I am fairly new to teaching error propagation to students but came across a question I couldn’t answer myself. Say we have a set of data that produces a parabola. In order to linearize the data and get a straight line we plot the $x$-data as $x^2$. My question is how do I deal with the uncertaintities in the x-data?

$\endgroup$
8
  • $\begingroup$ Do you have error in both the x and y data? $\endgroup$ Feb 14, 2019 at 3:37
  • $\begingroup$ In some cases yes. $\endgroup$ Feb 14, 2019 at 5:27
  • 1
    $\begingroup$ Related. If you're serious about uncertainty analysis, this kind of "linearization" may introduce more problems than it solves. $\endgroup$
    – rob
    Feb 14, 2019 at 6:11
  • 1
    $\begingroup$ Wold Cross Validated be a better home for this question? $\endgroup$
    – Qmechanic
    Feb 14, 2019 at 7:19
  • 1
    $\begingroup$ All of this is good feedback. Thank you. The reality is the new curriculum I have to deliver has a strong focus on linearization and error propagation. $\endgroup$ Mar 28, 2019 at 2:25

1 Answer 1

1
$\begingroup$

Whether or not this is the best way to deal with uncertainty propagation may be up for debate, but one common way that instructors teach uncertainty propagation with regard to linear fitting is simply to sweep uncertainties in individual values under the rug. The goodness-of-fit of the line is used to determine uncertainties in the best-fit slope and y-intercept.
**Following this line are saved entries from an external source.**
(* Let $I\subseteq\mathbb{N}$ and let $(\mathcal{G}_N)_{N\in I}$ be a sequence of symmetric connected graphs with $\mathcal{G}_N=(\mathcal{V}_N,\mathcal{E}_N)$ and $|\mathcal{V}_N|=N$, with maximum degree $\deg_{\max}(N)$ and spectral gap $\lambda_1(N)$. Fix $q\in(0,1)$. If $\deg_{\max}(N)^2/\lambda_1(N)=o(N)$ as $N\to+\infty$, then the BGA with mixing parameter $q$ is asymptotically unbiased on this sequence, i.e. $\lim_{N\to+\infty}\mathbb{E}[\beta(\infty)]=0$, where $\mathbb{E}[\beta(\infty)]$ is computed for the BGA run on $\mathcal{G}_N$.
   Context: Graph and neighborhoods: for a graph $\mathcal{G}=(\mathcal{V},\mathcal{E})$ with $\mathcal{E}\subset\mathcal{V}\times\mathcal{V}$ and $N=|\mathcal{V}|$, the out-neighborhood of $v$ is $\mathcal{N}^+_v=\{u\in\mathcal{V}:(u,v)\in\mathcal{E}\}$ and the in-neighborhood is $\mathcal{N}^-_v=\{u\in\mathcal{V}:(v,u)\in\mathcal{E}\}$; $\deg^\pm_v=|\mathcal{N}^\pm_v|$, $\deg_{\max}=\max_v\max\{\deg^+_v,\deg^-_v\}$. The graph is symmetric if $\mathcal{N}^+_v=\mathcal{N}^-_v$ for all $v$. The spectral gap $\lambda_1$ is the smallest nonzero eigenvalue (in modulus) of the Laplacian matrix. BGA: given initial values $x_v(0)\in[0,L]$ and a mixing parameter $q\in(0,1)$, at each time $t\in\mathbb{Z}_{\ge0}$ one node $v$ is sampled uniformly at random from $\mathcal{V}$ (independently over time); every $u\in\mathcal{N}^+_v$ updates $x_u(t+1)=(1-q)x_u(t)+q\,x_v(t)$, and every $u\notin\mathcal{N}^+_v$ keeps $x_u(t+1)=x_u(t)$. Notation: $x_{\mathrm{ave}}(t)=N^{-1}\sum_v x_v(t)$, $\beta(t)=|x_{\mathrm{ave}}(t)-x_{\mathrm{ave}}(0)|^2$, $\mathbb{E}[\beta(\infty)]:=\lim_{t\to\infty}\mathbb{E}[\beta(t)]$. The BGA is asymptotically unbiased if $\lim_{N\to+\infty}\mathbb{E}[\beta(\infty)]=0$. *)

theory Defs
  imports "HOL-Probability.Probability" "HOL-Library.Landau_Symbols"
    "Jordan_Normal_Form.Char_Poly"
begin

text \<open>A graph on the vertex set V = {0..<N} is given by a relation E :: nat => nat => bool;
  E u v means (u,v) is an edge. Only vertices below N are relevant.\<close>

definition out_nbhd :: "nat \<Rightarrow> (nat \<Rightarrow> nat \<Rightarrow> bool) \<Rightarrow> nat \<Rightarrow> nat set" where
  "out_nbhd N E v = {u. u < N \<and> E u v}"

definition in_nbhd :: "nat \<Rightarrow> (nat \<Rightarrow> nat \<Rightarrow> bool) \<Rightarrow> nat \<Rightarrow> nat set" where
  "in_nbhd N E v = {u. u < N \<and> E v u}"

definition deg_max :: "nat \<Rightarrow> (nat \<Rightarrow> nat \<Rightarrow> bool) \<Rightarrow> nat" where
  "deg_max N E = Max ((\<lambda>v. max (card (out_nbhd N E v)) (card (in_nbhd N E v))) ` {..<N})"

definition symmetric_graph :: "nat \<Rightarrow> (nat \<Rightarrow> nat \<Rightarrow> bool) \<Rightarrow> bool" where
  "symmetric_graph N E \<longleftrightarrow> (\<forall>v<N. out_nbhd N E v = in_nbhd N E v)"

definition connected_graph :: "nat \<Rightarrow> (nat \<Rightarrow> nat \<Rightarrow> bool) \<Rightarrow> bool" where
  "connected_graph N E \<longleftrightarrow> 0 < N \<and>
     (\<forall>u<N. \<forall>v<N. (u, v) \<in> {(a, b). a < N \<and> b < N \<and> E a b}\<^sup>*)"

definition laplacian :: "nat \<Rightarrow> (nat \<Rightarrow> nat \<Rightarrow> bool) \<Rightarrow> real mat" where
  "laplacian N E = mat N N (\<lambda>(i, j).
      (if i = j then real (card (out_nbhd N E i)) else 0) - (if E i j then 1 else 0))"

definition spectral_gap :: "nat \<Rightarrow> (nat \<Rightarrow> nat \<Rightarrow> bool) \<Rightarrow> real" where
  "spectral_gap N E = Min {cmod k | k. eigenvalue (map_mat complex_of_real (laplacian N E)) k \<and> k \<noteq> 0}"

definition bga_step :: "nat \<Rightarrow> (nat \<Rightarrow> nat \<Rightarrow> bool) \<Rightarrow> real \<Rightarrow> nat \<Rightarrow> (nat \<Rightarrow> real) \<Rightarrow> (nat \<Rightarrow> real)" where
  "bga_step N E q v x = (\<lambda>u. if u \<in> out_nbhd N E v then (1 - q) * x u + q * x v else x u)"

fun bga_dist :: "nat \<Rightarrow> (nat \<Rightarrow> nat \<Rightarrow> bool) \<Rightarrow> real \<Rightarrow> (nat \<Rightarrow> real) \<Rightarrow> nat \<Rightarrow> (nat \<Rightarrow> real) pmf" where
  "bga_dist N E q x0 0 = return_pmf x0"
| "bga_dist N E q x0 (Suc t) =
     bind_pmf (bga_dist N E q x0 t) (\<lambda>x. map_pmf (\<lambda>v. bga_step N E q v x) (pmf_of_set {..<N}))"

definition x_ave :: "nat \<Rightarrow> (nat \<Rightarrow> real) \<Rightarrow> real" where
  "x_ave N x = (\<Sum>v<N. x v) / real N"

definition expected_beta :: "nat \<Rightarrow> (nat \<Rightarrow> nat \<Rightarrow> bool) \<Rightarrow> real \<Rightarrow> (nat \<Rightarrow> real) \<Rightarrow> nat \<Rightarrow> real" where
  "expected_beta N E q x0 t =
     measure_pmf.expectation (bga_dist N E q x0 t) (\<lambda>x. (x_ave N x - x_ave N x0)\<^sup>2)"

definition expected_beta_inf :: "nat \<Rightarrow> (nat \<Rightarrow> nat \<Rightarrow> bool) \<Rightarrow> real \<Rightarrow> (nat \<Rightarrow> real) \<Rightarrow> real" where
  "expected_beta_inf N E q x0 = lim (expected_beta N E q x0)"

end

theory Submission
  imports Defs "Jordan_Normal_Form.Spectral_Radius"
begin

(* The proof has a probabilistic half, valid for one fixed symmetric graph, and a spectral half.

   When node v broadcasts, the average moves by (q/N) s_v(x), where
   s_v(x) = sum over edges u -> v of (x_v - x_u) is the drift at v.  On a symmetric graph the
   drifts sum to zero, so E[beta(t)] is nondecreasing.  The energy W(x) = sum_u x_u^2 drops in
   one-step expectation by q(1-q)/N times the disagreement Q(x) = sum over edges of
   (x_v - x_u)^2, while Cauchy-Schwarz gives sum_v s_v(x)^2 <= D Q(x) when all degrees are at
   most D.  Hence Phi = (x_ave - x_ave(0))^2 + alpha W with alpha = qD/((1-q)N^2) is a
   supermartingale, and E[beta(t)] <= Phi(x(0)) <= q D L^2/((1-q)N).  Being nondecreasing and
   bounded, E[beta(t)] converges and E[beta(infinity)] obeys the same bound.

   For a connected graph on N >= 2 vertices the Laplacian has positive trace;
   as the trace is the sum of the eigenvalues (Schur decomposition), a nonzero eigenvalue
   exists, so the spectral gap lambda_1 is positive, and a row-sum estimate bounds it by
   2 deg_max.  Thus deg_max <= 2 deg_max^2/lambda_1, so the bias is O(deg_max^2/(lambda_1 N)),
   which tends to 0 by hypothesis. *)


unbundle no vec_syntax


section \<open>Expectations along the BGA process\<close>

definition step_mean :: "nat \<Rightarrow> (nat \<Rightarrow> nat \<Rightarrow> bool) \<Rightarrow> real \<Rightarrow> ((nat \<Rightarrow> real) \<Rightarrow> real)
    \<Rightarrow> (nat \<Rightarrow> real) \<Rightarrow> real" where
  "step_mean N E q h x = (\<Sum>v<N. h (bga_step N E q v x)) / real N"

text \<open>The state distribution has finite support, so every observable is integrable.\<close>
lemma finite_set_bga_dist: "0 < N \<Longrightarrow> finite (set_pmf (bga_dist N E q x0 t))"
proof (induction t)
  case (Suc t)
  have "set_pmf (pmf_of_set {..<N}) = {..<N}" using Suc.prems by (intro set_pmf_of_set) auto
  with Suc show ?case by auto
qed auto

lemma integrable_bga_dist:
  fixes h :: "(nat \<Rightarrow> real) \<Rightarrow> real"
  assumes "0 < N"
  shows "integrable (measure_pmf (bga_dist N E q x0 t)) h"
  using assms by (intro integrable_measure_pmf_finite finite_set_bga_dist)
The uncertainty in the slope can be found from the $R^2$ value using $$ \sigma_m = m\sqrt{\frac{(1/R^2)-1}{n-2}}, $$ where $m$ and $\sigma_m$ are the slope and uncertainty in the slope respectively, and $n$ is the number of data points used to make the fit. Students should be reminded (several times!) to be careful - $R^2$ is already squared! Don't square it again.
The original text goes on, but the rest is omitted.